↓

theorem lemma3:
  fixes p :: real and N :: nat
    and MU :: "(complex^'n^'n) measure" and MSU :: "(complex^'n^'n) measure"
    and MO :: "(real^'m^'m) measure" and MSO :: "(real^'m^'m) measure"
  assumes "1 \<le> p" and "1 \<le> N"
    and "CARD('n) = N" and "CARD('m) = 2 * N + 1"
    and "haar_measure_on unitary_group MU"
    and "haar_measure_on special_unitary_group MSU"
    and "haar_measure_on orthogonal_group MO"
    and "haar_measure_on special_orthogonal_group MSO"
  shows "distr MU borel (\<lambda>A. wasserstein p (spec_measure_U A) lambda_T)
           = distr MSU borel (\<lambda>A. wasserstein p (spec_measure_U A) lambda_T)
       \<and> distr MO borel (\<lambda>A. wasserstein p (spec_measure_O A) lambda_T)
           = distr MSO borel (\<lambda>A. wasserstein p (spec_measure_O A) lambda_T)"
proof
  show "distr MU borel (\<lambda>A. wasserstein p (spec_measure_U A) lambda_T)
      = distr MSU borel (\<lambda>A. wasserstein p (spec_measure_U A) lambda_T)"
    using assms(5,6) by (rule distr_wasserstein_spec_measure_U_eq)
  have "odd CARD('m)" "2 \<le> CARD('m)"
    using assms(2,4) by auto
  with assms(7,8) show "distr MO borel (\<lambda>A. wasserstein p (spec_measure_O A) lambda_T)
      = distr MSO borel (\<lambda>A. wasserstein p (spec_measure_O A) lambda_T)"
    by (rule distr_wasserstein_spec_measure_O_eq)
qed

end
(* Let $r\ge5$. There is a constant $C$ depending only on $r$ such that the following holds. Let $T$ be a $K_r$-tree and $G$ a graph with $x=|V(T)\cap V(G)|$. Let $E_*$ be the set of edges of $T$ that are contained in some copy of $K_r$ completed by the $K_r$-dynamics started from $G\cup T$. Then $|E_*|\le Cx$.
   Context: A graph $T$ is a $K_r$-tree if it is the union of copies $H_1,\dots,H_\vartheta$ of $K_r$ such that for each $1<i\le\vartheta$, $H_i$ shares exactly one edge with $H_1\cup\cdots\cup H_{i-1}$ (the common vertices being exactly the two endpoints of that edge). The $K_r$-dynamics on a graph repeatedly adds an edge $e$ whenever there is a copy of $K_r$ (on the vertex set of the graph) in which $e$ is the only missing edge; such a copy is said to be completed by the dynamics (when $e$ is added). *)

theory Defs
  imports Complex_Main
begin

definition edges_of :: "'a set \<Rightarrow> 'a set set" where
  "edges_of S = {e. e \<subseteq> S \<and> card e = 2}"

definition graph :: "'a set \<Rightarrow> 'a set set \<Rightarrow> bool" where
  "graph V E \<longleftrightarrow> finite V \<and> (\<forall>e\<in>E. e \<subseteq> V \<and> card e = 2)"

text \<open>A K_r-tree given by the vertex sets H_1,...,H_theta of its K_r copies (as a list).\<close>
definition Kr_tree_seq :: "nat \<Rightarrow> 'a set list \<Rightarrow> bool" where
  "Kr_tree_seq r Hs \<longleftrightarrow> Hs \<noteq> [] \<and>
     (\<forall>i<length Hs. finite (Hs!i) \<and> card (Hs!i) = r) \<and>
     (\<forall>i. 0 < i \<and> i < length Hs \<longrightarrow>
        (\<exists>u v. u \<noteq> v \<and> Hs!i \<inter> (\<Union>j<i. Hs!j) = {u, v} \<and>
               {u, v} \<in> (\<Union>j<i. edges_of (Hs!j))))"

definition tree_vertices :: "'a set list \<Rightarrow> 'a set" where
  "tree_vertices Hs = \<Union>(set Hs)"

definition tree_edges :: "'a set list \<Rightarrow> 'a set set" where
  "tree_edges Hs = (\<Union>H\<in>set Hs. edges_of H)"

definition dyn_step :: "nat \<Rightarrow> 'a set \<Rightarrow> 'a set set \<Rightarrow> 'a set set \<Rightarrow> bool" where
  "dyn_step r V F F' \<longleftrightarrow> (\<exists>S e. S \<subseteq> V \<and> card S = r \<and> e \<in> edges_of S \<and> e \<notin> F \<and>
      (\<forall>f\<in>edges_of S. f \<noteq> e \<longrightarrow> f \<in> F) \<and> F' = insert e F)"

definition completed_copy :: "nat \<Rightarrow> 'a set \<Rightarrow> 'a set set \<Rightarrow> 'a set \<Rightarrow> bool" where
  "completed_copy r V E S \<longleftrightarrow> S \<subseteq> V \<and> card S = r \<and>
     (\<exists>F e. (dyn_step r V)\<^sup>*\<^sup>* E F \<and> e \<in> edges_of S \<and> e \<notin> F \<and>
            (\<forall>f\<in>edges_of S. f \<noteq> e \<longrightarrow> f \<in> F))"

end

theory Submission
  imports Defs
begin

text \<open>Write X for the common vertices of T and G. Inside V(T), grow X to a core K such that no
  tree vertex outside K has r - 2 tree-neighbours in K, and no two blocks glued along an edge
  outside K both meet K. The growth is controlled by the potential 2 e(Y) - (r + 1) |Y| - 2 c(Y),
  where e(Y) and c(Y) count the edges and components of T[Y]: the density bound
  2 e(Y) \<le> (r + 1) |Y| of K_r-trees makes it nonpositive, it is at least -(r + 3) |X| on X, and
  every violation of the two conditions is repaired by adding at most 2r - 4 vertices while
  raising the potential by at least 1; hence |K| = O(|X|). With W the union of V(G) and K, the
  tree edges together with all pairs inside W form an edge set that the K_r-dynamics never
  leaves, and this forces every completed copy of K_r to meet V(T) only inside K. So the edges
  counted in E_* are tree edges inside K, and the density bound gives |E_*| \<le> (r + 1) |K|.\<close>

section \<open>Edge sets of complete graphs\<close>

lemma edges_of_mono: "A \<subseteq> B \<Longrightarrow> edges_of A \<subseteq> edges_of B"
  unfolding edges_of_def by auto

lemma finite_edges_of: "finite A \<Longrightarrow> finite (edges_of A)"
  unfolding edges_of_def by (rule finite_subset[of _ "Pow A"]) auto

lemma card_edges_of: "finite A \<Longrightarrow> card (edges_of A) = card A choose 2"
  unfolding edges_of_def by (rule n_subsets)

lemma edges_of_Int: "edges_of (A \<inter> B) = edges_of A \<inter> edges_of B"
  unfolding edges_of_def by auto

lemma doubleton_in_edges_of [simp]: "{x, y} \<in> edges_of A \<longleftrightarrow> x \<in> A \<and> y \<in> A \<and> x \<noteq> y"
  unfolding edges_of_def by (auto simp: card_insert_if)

↑
↓

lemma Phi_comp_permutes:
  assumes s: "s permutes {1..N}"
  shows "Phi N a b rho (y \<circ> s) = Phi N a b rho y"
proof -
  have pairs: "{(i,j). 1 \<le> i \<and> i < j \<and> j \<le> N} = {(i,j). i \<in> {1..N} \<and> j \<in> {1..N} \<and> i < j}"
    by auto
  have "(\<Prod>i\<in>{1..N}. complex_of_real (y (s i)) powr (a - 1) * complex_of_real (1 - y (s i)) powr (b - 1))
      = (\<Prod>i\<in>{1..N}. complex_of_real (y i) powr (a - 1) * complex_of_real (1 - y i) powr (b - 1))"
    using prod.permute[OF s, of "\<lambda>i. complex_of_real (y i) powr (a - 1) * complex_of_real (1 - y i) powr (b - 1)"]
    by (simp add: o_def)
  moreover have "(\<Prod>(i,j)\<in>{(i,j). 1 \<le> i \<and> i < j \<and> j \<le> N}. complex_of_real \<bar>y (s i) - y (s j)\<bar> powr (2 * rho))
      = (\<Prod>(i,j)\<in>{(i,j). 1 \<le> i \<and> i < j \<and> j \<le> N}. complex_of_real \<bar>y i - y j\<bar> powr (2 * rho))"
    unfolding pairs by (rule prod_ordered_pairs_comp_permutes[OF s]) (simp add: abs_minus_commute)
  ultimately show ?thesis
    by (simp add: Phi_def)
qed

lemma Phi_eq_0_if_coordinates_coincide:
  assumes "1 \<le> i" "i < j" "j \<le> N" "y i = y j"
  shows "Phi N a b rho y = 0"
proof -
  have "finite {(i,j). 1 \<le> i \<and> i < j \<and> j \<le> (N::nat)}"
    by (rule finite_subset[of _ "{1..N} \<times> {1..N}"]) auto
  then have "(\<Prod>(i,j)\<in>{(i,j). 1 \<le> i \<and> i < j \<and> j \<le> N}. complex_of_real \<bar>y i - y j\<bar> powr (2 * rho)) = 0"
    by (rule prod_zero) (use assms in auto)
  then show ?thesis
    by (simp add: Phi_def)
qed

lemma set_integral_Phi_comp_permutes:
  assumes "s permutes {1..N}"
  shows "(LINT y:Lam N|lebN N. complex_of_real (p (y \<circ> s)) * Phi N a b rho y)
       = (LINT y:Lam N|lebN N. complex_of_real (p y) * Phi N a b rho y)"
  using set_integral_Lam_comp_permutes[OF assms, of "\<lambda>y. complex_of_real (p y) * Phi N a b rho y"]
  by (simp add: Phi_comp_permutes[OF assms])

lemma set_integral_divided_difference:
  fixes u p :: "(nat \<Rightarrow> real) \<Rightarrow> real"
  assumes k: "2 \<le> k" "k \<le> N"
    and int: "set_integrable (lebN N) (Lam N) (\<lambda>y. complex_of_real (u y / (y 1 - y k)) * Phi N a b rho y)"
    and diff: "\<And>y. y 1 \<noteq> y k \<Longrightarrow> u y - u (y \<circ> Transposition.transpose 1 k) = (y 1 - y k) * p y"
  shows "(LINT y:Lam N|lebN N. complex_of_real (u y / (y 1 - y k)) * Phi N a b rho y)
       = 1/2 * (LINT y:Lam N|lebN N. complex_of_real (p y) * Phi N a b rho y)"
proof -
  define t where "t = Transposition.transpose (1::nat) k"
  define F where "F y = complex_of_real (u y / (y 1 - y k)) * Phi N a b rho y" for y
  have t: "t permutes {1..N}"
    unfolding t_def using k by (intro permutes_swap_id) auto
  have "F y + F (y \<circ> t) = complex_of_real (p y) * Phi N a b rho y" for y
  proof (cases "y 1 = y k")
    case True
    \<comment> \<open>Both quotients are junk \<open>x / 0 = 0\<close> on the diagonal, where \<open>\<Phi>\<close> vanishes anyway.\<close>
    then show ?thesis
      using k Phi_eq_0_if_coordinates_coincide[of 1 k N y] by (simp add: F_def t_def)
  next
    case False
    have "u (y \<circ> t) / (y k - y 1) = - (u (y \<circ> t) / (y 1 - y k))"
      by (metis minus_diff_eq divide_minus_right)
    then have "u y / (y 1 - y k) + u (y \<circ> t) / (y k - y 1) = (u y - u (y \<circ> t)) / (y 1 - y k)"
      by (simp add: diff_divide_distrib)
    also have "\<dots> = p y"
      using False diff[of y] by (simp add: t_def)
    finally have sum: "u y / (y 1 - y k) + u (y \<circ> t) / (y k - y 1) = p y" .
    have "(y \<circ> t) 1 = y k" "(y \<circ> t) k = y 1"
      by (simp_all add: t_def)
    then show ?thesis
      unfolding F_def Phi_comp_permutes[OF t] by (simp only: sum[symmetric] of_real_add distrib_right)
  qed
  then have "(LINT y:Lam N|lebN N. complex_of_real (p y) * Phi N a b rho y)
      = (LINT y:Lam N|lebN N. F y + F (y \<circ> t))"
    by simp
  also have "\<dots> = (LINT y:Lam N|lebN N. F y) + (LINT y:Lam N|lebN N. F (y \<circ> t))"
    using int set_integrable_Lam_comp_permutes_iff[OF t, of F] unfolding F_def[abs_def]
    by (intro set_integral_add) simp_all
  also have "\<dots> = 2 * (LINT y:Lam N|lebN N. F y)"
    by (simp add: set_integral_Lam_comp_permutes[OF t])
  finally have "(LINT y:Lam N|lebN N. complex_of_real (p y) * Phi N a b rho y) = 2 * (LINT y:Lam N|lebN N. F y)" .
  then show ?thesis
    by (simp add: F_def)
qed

↑

* **How to complete this task**:
Filter by the word "least": copy every line of the data that holds it.

* **Task response**:
  2 e(Y) \<le> (r + 1) |Y| of K_r-trees makes it nonpositive, it is at least -(r + 3) |X| on X, and
  raising the potential by at least 1; hence |K| = O(|X|). With W the union of V(G) and K, the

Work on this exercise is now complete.